Slope effect on rogue wave occurrence: saturation at steep shoals and unifying picture

Shoaling surface gravity waves is a process that still calls for a thorough understanding of how it enhances rogue wave formation. Though commonly reduced to water waves passing over a step, the influence of the slope steepness on rogue wave enhancement over a shoal has been demonstrated in numerical simulations. We analytically tackle this with non-equilibrium physics of a spatially varying energy density. While the shoal causes an energy density redistribution and enhances rogue wave occurrence due to a decrease in water depth, the slope effect on the exceedance probability can be interpreted as a second redistribution of the wave statistics. In the presence of a strong departure from a zero-mean water level due to a set-down/set-up the potential energy density is affected by a slope-induced correction.
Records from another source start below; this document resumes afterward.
lemma vector_configuration_value_le:
  fixes E :: "'n::finite set set" and u :: "'n \<Rightarrow> real^'n"
  assumes "simple_graph E" "\<forall>i. norm (u i) = 1"
  shows "edge_sum E (\<lambda>i j. w {i, j} * (u i \<bullet> u j)) \<le> card E * ip E w"
proof -
  have "edge_sum E (\<lambda>i j. w {i, j} * (u i \<bullet> u j)) \<le> edge_sum E (\<lambda>i j. \<bar>w {i, j}\<bar>)"
  proof (rule edge_sum_mono)
    fix i j
    have "\<bar>u i \<bullet> u j\<bar> \<le> 1"
      using Cauchy_Schwarz_ineq2[of "u i" "u j"] assms(2) by simp
    then have "\<bar>w {i, j} * (u i \<bullet> u j)\<bar> \<le> \<bar>w {i, j}\<bar>"
      by (simp add: abs_mult mult_left_le)
    then show "w {i, j} * (u i \<bullet> u j) \<le> \<bar>w {i, j}\<bar>"
      by linarith
  qed
  also have "\<dots> = (\<Sum>e\<in>E. \<bar>w e\<bar>)"
    by (rule edge_sum_eq_sum_edges[OF assms(1)])
  also have "\<dots> \<le> (\<Sum>e\<in>E. ip E w)"
    using abs_weight_le_ip[OF assms(1)] by (rule sum_mono)
  finally show ?thesis by simp
qed

lemma bdd_above_vector_configuration_values:
  fixes E :: "'n::finite set set"
  assumes "simple_graph E"
  shows "bdd_above ((\<lambda>u. edge_sum E (\<lambda>i j. w {i, j} * (u i \<bullet> u j)))
    ` {u :: 'n \<Rightarrow> real^'n. \<forall>i. norm (u i) = 1})"
  using vector_configuration_value_le[OF assms] by (intro bdd_aboveI2[where M="card E * ip E w"]) simp

lemma vector_configuration_value_le_sdp:
  fixes E :: "'n::finite set set" and u :: "'n \<Rightarrow> real^'n"
  assumes "simple_graph E" "\<forall>i. norm (u i) = 1"
  shows "edge_sum E (\<lambda>i j. w {i, j} * (u i \<bullet> u j)) \<le> sdp E w"
  unfolding sdp_def
  using assms bdd_above_vector_configuration_values[OF assms(1)] by (auto intro: cSup_upper)

lemma sdp_le_card_mult_ip:
  fixes E :: "'n::finite set set"
  assumes "simple_graph E"
  shows "sdp E w \<le> card E * ip E w"
proof -
  have "(\<lambda>_. axis undefined 1) \<in> {u :: 'n \<Rightarrow> real^'n. \<forall>i. norm (u i) = 1}"
    by simp
  then have "{u :: 'n \<Rightarrow> real^'n. \<forall>i. norm (u i) = 1} \<noteq> {}"
    by (metis empty_iff)
  then show ?thesis
    unfolding sdp_def using vector_configuration_value_le[OF assms] by (intro cSup_least) auto
qed

lemma ip_le_sdp:
  fixes E :: "'n::finite set set"
  assumes "simple_graph E"
  shows "ip E w \<le> sdp E w"
proof -
  have "ip E w \<in> (\<lambda>y. edge_sum E (\<lambda>i j. w {i, j} * (y i * y j))) ` sign_vectors"
    unfolding ip_def using finite_sign_vectors one_in_sign_vectors by (intro Max_in) auto
  then obtain y where y: "y \<in> sign_vectors" "ip E w = edge_sum E (\<lambda>i j. w {i, j} * (y i * y j))"
    by blast
  define u :: "'n \<Rightarrow> real^'n" where "u i = y i *\<^sub>R axis undefined 1" for i
  have "\<forall>i. norm (u i) = 1"
    using sign_vector_abs[OF y(1)] by (simp add: u_def)
  then have "edge_sum E (\<lambda>i j. w {i, j} * (u i \<bullet> u j)) \<le> sdp E w"
    by (rule vector_configuration_value_le_sdp[OF assms])
  moreover have "u i \<bullet> u j = y i * y j" for i j
    by (simp add: u_def)
  ultimately show ?thesis
    using y(2) by simp
qed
In the case of a shoal, such energy disturbance decreases the total potential energy due to a set-down as compared to linear homogeneous waves, thereby increasing the effect of the energy redistribution. Conversely, a set-up induced by wave-breaking would cause the potential energy density to increase, and so we would observe a decrease in the exceedance probability.

 

Increasing the slope increases the amplification of rogue wave probability until this amplification saturates at steep slopes. The response of the set-down to the steep slope transition past the saturation point is slower than the depth transition itself, because the effect of lowering the mean water level over the slope balances the pace of the depth transition itself. In contrast, a larger down slope of a subsequent de-shoal zone leads to a stronger decrease in the rogue wave probability. This is because the faster increase of the set-up due to steeper slopes is not balanced by the depth transition, as the mean depth will increase rather than decrease. Thus, a strong asymmetry between shoaling and de-shoaling zones develops. We show that models based on a step can effectively describe the physics of steep finite slopes owing to the saturation of the rogue wave amplification at steep slopes.

 

Our framework poses a clear unifying picture for wave statistics and energetics transitioning from deep to shallow waters. Waves propagating in deep water will not have their energy affected by the slope and tend to keep a constant rogue wave probability, while in intermediate water the wave energy density will be redistributed due to depth effects on the steepness, vertical asymmetry, and mean water level, ultimately increasing rogue wave likelihoods. Finally, in shallow water the effects on steepness and vertical asymmetry still exist, but the quick divergence of the super-harmonics halts the energy redistribution while the set-up inverts the effect of the latter. Therefore, in the absence of any ocean process besides shoaling, we unify within a single physical mechanism the seemingly contradictory observations of Gaussian statistics in deep water, super-Gaussian (i.e. above) in intermediate water and sub-Gaussian (i.e. below) in shallow waters.